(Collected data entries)
........

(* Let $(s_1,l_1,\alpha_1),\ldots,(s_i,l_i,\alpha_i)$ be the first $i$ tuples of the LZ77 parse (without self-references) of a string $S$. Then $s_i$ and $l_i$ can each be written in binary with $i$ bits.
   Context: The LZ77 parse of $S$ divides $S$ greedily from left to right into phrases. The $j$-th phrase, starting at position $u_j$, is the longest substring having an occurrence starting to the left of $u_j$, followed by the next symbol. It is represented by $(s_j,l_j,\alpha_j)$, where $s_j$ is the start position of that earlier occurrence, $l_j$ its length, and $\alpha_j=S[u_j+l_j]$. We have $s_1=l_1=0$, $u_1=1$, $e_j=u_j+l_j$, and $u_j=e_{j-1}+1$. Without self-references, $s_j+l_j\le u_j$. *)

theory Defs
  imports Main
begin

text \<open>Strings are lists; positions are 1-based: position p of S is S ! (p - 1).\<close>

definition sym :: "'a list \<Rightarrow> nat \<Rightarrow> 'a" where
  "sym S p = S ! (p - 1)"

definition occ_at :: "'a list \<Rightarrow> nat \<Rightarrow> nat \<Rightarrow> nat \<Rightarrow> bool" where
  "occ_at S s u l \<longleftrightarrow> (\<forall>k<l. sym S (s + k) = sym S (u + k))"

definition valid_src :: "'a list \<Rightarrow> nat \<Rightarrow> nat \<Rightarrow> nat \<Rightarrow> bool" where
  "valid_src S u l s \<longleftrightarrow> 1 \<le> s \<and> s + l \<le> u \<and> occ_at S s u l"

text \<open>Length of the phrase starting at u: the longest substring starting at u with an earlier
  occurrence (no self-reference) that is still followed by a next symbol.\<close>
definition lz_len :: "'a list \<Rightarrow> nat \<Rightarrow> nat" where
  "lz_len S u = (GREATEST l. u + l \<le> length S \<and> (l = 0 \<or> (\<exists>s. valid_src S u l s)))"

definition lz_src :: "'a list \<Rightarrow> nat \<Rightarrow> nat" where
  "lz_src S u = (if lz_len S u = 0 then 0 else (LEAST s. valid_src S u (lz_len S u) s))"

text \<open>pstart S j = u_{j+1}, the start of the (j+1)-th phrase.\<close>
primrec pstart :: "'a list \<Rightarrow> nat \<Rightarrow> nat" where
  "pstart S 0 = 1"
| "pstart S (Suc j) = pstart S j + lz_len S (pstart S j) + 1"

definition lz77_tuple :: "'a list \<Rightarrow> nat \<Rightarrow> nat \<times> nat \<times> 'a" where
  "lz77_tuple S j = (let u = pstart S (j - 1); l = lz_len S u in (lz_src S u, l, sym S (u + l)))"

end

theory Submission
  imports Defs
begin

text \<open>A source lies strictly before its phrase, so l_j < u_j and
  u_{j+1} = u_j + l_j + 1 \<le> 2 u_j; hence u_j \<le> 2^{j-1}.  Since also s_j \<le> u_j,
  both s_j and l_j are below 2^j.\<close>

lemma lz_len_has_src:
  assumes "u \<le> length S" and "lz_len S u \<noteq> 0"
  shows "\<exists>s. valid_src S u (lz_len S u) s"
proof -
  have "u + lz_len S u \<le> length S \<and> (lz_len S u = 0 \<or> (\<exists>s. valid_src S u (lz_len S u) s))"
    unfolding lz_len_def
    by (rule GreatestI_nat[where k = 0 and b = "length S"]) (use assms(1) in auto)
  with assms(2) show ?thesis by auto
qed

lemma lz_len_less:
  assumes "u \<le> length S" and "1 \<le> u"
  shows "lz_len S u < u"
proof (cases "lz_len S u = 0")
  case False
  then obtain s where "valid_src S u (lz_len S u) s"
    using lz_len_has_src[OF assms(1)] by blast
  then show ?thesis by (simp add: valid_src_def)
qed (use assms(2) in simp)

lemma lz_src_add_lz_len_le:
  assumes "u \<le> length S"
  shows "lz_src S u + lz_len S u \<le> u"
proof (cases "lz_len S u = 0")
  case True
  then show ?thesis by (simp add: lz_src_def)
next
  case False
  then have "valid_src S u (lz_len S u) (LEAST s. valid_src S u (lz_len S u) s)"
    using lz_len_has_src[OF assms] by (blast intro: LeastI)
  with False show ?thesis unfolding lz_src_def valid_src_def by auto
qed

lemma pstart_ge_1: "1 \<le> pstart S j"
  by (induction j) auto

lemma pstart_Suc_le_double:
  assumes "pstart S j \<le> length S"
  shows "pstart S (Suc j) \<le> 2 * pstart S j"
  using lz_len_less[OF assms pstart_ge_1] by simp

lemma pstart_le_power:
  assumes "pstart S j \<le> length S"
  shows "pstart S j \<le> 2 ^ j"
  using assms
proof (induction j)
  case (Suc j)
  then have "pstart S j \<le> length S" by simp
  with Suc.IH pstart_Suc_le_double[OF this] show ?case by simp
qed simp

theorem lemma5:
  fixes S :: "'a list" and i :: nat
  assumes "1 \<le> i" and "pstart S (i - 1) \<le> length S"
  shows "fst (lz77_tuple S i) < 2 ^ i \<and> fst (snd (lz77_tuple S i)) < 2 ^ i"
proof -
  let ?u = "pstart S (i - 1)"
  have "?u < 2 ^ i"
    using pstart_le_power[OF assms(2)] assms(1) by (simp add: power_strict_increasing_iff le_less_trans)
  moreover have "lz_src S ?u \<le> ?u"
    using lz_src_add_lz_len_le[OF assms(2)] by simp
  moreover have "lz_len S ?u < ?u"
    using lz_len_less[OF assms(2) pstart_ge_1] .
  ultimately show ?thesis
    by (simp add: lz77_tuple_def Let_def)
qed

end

........

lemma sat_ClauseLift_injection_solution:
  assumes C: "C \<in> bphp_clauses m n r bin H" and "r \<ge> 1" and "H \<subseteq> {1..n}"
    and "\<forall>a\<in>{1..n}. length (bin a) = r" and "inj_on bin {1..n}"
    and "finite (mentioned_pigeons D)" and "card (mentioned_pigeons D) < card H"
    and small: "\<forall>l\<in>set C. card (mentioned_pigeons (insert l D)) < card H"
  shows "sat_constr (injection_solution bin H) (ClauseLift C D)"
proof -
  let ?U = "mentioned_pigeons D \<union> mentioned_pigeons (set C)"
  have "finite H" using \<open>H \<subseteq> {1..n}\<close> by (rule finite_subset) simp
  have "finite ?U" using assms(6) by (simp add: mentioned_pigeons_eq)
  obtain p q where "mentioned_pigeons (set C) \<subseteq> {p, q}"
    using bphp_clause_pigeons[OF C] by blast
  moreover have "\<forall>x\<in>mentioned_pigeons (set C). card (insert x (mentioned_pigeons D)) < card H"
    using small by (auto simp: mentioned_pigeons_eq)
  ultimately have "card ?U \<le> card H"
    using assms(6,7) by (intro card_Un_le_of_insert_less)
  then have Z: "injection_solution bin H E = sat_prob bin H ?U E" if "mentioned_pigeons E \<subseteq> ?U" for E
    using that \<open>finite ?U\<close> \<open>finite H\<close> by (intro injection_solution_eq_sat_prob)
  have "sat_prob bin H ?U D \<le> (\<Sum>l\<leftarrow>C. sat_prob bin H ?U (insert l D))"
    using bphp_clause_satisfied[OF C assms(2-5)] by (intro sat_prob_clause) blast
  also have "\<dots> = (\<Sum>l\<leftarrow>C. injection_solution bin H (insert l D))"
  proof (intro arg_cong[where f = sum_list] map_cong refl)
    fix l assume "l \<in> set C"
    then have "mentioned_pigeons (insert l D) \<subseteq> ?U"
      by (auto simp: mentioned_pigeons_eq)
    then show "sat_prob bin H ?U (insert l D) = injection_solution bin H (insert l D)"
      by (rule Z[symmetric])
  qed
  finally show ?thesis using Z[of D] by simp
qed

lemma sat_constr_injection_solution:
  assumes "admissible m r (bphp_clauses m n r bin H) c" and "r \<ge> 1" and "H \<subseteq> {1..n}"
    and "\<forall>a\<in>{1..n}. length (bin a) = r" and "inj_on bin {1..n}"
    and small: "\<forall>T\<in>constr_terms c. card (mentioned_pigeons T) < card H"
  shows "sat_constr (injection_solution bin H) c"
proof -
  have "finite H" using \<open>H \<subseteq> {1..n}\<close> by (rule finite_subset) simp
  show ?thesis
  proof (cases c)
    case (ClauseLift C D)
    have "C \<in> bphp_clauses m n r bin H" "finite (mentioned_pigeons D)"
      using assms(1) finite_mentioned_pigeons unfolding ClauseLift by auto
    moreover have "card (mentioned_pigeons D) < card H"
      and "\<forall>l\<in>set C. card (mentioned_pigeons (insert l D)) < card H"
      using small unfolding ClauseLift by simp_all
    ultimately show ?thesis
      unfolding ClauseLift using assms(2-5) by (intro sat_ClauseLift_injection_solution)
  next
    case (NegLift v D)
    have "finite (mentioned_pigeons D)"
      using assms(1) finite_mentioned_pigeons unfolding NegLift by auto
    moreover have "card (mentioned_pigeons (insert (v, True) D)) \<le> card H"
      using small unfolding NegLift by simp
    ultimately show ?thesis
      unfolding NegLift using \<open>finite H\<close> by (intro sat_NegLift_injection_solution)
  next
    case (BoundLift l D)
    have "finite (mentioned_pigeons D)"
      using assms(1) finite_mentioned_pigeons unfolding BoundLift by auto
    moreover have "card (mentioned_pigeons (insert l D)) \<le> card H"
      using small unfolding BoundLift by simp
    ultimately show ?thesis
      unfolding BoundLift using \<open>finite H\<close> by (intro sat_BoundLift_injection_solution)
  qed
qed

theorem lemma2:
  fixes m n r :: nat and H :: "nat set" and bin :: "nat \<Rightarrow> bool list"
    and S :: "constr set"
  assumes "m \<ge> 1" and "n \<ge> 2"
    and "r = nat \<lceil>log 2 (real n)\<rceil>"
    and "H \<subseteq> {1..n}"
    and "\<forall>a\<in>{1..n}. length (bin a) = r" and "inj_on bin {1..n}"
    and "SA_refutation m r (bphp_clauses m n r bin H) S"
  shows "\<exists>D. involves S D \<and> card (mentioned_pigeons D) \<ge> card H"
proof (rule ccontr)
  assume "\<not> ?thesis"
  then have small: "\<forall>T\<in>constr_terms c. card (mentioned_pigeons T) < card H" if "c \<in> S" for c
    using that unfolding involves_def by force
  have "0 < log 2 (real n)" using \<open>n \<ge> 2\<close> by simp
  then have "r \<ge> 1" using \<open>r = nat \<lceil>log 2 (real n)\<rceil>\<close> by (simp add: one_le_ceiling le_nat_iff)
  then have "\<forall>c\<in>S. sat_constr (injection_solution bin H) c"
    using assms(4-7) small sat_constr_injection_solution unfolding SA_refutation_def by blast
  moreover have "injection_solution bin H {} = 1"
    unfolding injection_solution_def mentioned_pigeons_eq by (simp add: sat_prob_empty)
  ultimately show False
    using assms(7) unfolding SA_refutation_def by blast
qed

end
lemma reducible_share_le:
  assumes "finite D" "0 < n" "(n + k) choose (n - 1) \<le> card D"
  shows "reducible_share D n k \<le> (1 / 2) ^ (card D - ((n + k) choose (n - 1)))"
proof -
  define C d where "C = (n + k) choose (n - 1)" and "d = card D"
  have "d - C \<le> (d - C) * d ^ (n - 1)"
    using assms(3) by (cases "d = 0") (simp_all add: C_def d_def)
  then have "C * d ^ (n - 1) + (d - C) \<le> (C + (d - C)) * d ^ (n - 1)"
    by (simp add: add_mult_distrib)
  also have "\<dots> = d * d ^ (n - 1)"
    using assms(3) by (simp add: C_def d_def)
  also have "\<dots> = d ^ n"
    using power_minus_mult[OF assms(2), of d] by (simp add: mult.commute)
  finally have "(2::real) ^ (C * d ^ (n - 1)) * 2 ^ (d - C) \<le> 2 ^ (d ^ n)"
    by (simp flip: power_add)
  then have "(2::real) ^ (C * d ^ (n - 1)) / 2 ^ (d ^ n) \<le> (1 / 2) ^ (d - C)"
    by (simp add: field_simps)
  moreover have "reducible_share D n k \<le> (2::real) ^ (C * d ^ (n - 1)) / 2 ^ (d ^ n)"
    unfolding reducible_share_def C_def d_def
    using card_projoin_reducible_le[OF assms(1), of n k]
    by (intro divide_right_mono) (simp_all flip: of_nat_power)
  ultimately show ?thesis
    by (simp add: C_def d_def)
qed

........

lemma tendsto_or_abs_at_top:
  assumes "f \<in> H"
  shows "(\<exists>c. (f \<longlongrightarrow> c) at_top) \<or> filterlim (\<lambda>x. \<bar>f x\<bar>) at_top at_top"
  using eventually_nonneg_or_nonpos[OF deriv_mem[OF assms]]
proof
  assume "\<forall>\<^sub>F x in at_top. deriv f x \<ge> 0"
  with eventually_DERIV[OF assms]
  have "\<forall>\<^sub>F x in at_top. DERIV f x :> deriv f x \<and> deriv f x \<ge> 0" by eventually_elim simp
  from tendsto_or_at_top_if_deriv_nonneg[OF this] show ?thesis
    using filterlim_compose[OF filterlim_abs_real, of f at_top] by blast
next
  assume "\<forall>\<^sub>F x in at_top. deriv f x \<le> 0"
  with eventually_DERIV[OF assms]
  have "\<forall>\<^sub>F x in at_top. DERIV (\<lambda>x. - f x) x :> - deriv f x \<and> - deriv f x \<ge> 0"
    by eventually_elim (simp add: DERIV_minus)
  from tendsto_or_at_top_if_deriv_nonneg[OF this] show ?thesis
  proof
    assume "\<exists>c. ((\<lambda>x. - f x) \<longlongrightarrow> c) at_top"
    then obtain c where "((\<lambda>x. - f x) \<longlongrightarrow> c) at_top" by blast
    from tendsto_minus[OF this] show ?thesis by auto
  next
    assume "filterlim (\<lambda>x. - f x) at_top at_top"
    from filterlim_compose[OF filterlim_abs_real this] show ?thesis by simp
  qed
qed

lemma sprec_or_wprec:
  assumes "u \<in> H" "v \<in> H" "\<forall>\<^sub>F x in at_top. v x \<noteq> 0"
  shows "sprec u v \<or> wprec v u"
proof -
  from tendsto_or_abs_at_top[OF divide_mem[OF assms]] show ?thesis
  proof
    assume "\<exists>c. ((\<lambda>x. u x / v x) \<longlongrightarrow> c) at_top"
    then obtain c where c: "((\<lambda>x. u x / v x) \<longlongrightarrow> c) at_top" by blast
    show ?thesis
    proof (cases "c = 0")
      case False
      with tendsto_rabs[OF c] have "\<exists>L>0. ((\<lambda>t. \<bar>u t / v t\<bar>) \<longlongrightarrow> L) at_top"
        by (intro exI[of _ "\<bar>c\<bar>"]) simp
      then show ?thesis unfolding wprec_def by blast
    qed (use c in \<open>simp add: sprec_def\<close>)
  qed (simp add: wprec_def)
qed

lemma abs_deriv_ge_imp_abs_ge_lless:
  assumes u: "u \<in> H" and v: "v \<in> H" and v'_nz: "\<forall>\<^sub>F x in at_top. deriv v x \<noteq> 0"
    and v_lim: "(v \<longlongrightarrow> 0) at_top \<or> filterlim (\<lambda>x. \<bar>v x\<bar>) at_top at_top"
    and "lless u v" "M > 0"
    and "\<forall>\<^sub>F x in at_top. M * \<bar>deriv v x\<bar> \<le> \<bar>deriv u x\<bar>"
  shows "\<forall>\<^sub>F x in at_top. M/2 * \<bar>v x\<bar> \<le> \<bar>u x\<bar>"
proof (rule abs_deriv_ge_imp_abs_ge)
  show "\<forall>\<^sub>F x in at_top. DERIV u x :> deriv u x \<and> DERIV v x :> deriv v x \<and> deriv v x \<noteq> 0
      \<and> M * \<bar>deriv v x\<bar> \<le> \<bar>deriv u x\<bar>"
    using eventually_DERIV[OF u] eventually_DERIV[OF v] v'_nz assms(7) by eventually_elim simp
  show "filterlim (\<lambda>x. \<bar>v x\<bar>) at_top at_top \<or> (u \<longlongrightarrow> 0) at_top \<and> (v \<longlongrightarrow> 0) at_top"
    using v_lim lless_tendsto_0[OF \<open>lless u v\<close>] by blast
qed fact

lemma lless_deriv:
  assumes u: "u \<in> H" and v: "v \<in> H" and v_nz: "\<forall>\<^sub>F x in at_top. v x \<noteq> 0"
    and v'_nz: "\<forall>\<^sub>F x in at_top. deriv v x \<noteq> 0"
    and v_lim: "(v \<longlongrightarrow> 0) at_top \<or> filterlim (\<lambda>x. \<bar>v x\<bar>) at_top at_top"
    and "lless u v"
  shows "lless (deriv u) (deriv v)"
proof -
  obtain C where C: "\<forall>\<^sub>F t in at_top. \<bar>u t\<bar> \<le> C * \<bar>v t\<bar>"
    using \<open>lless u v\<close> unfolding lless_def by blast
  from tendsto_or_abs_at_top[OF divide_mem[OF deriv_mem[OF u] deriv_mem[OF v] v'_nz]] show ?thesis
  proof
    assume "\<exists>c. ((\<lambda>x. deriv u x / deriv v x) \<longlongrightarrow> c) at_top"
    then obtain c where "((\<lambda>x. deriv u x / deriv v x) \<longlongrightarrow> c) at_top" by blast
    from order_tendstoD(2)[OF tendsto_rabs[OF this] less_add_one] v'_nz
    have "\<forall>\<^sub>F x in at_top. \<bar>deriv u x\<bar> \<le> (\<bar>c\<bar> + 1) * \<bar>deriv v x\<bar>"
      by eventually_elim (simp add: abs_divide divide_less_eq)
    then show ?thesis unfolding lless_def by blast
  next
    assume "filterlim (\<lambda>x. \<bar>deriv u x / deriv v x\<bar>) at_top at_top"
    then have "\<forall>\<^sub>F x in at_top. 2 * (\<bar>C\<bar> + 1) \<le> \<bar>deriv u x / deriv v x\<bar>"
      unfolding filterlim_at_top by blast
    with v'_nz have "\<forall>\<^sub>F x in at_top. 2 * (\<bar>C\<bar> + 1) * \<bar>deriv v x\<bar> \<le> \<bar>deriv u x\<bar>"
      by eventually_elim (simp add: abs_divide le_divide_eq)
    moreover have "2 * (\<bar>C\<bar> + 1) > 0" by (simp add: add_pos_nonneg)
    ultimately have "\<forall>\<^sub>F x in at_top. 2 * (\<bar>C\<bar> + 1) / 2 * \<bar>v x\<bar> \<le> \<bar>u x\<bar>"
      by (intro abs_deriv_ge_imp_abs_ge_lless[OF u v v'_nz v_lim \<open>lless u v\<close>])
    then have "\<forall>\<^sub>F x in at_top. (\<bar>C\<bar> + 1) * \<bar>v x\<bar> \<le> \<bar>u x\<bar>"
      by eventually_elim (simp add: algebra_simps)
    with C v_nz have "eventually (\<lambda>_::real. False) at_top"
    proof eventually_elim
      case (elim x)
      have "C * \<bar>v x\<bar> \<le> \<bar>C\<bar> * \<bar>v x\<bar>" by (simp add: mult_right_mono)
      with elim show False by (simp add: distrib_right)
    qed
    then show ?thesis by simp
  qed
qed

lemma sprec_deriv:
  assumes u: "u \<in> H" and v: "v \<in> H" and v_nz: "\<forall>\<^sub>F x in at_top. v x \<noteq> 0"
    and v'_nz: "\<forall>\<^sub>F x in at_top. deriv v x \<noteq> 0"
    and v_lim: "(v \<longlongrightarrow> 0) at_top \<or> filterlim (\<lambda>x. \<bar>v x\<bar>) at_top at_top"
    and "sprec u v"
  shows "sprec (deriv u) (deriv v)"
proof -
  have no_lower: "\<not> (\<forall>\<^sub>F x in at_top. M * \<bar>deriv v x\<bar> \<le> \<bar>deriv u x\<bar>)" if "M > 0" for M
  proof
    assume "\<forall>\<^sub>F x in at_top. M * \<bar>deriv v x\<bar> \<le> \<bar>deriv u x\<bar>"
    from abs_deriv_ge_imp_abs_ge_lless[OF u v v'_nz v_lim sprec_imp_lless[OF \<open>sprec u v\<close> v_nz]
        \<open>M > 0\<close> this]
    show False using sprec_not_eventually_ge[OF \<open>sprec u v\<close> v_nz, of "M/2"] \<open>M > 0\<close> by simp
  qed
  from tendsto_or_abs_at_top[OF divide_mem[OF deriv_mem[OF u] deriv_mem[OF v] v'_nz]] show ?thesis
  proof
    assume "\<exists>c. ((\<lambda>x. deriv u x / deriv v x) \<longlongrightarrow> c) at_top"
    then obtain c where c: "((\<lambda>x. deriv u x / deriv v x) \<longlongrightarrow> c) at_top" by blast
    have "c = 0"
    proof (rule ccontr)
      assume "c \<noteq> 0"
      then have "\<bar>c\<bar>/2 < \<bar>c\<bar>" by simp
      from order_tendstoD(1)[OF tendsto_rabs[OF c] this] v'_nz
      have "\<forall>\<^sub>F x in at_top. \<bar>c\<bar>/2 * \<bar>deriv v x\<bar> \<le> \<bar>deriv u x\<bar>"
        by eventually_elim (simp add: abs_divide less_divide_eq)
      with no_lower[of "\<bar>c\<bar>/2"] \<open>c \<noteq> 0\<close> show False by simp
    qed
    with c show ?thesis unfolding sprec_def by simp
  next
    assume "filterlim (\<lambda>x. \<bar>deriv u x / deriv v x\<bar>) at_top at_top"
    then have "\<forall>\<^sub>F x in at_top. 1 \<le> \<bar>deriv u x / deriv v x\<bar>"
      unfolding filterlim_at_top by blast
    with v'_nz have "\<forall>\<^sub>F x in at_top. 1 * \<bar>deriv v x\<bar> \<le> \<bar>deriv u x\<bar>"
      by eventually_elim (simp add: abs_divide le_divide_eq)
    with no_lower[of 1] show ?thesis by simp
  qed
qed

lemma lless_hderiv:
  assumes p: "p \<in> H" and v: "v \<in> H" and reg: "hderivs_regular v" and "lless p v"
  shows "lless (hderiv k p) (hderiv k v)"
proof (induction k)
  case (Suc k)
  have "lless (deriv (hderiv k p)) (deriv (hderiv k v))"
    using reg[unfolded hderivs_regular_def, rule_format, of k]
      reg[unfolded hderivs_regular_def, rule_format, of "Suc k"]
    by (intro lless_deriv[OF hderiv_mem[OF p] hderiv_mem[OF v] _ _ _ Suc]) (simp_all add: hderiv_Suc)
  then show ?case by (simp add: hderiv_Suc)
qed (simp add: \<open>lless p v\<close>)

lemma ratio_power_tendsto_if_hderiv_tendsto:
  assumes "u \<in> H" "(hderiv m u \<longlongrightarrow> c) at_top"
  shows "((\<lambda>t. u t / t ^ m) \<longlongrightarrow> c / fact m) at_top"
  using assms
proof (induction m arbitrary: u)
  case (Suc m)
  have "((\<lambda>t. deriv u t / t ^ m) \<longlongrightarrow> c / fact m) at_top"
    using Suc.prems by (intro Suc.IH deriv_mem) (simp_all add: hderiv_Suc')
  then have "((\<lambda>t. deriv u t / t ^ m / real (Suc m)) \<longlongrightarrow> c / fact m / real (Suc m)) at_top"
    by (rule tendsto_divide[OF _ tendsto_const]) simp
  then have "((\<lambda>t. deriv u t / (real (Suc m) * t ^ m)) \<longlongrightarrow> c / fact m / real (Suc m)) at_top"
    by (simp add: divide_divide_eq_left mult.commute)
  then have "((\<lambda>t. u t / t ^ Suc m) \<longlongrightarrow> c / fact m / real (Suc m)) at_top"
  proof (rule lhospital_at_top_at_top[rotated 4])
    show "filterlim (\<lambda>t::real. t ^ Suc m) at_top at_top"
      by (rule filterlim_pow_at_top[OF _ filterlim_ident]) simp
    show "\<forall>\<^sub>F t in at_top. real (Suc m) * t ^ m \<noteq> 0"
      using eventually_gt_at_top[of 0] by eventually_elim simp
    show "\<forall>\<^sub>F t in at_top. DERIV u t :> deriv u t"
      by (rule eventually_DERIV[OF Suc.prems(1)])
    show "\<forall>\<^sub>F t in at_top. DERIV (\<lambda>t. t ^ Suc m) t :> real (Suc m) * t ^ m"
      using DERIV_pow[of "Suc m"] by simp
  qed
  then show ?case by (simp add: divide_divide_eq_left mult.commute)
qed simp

........

EXERCISE PROMPT>
In the records above, locate each line with the word "fixes". Copy all such lines.

RESULT>
  fixes S :: "'a list" and i :: nat
  fixes m n r :: nat and H :: "nat set" and bin :: "nat \<Rightarrow> bool list"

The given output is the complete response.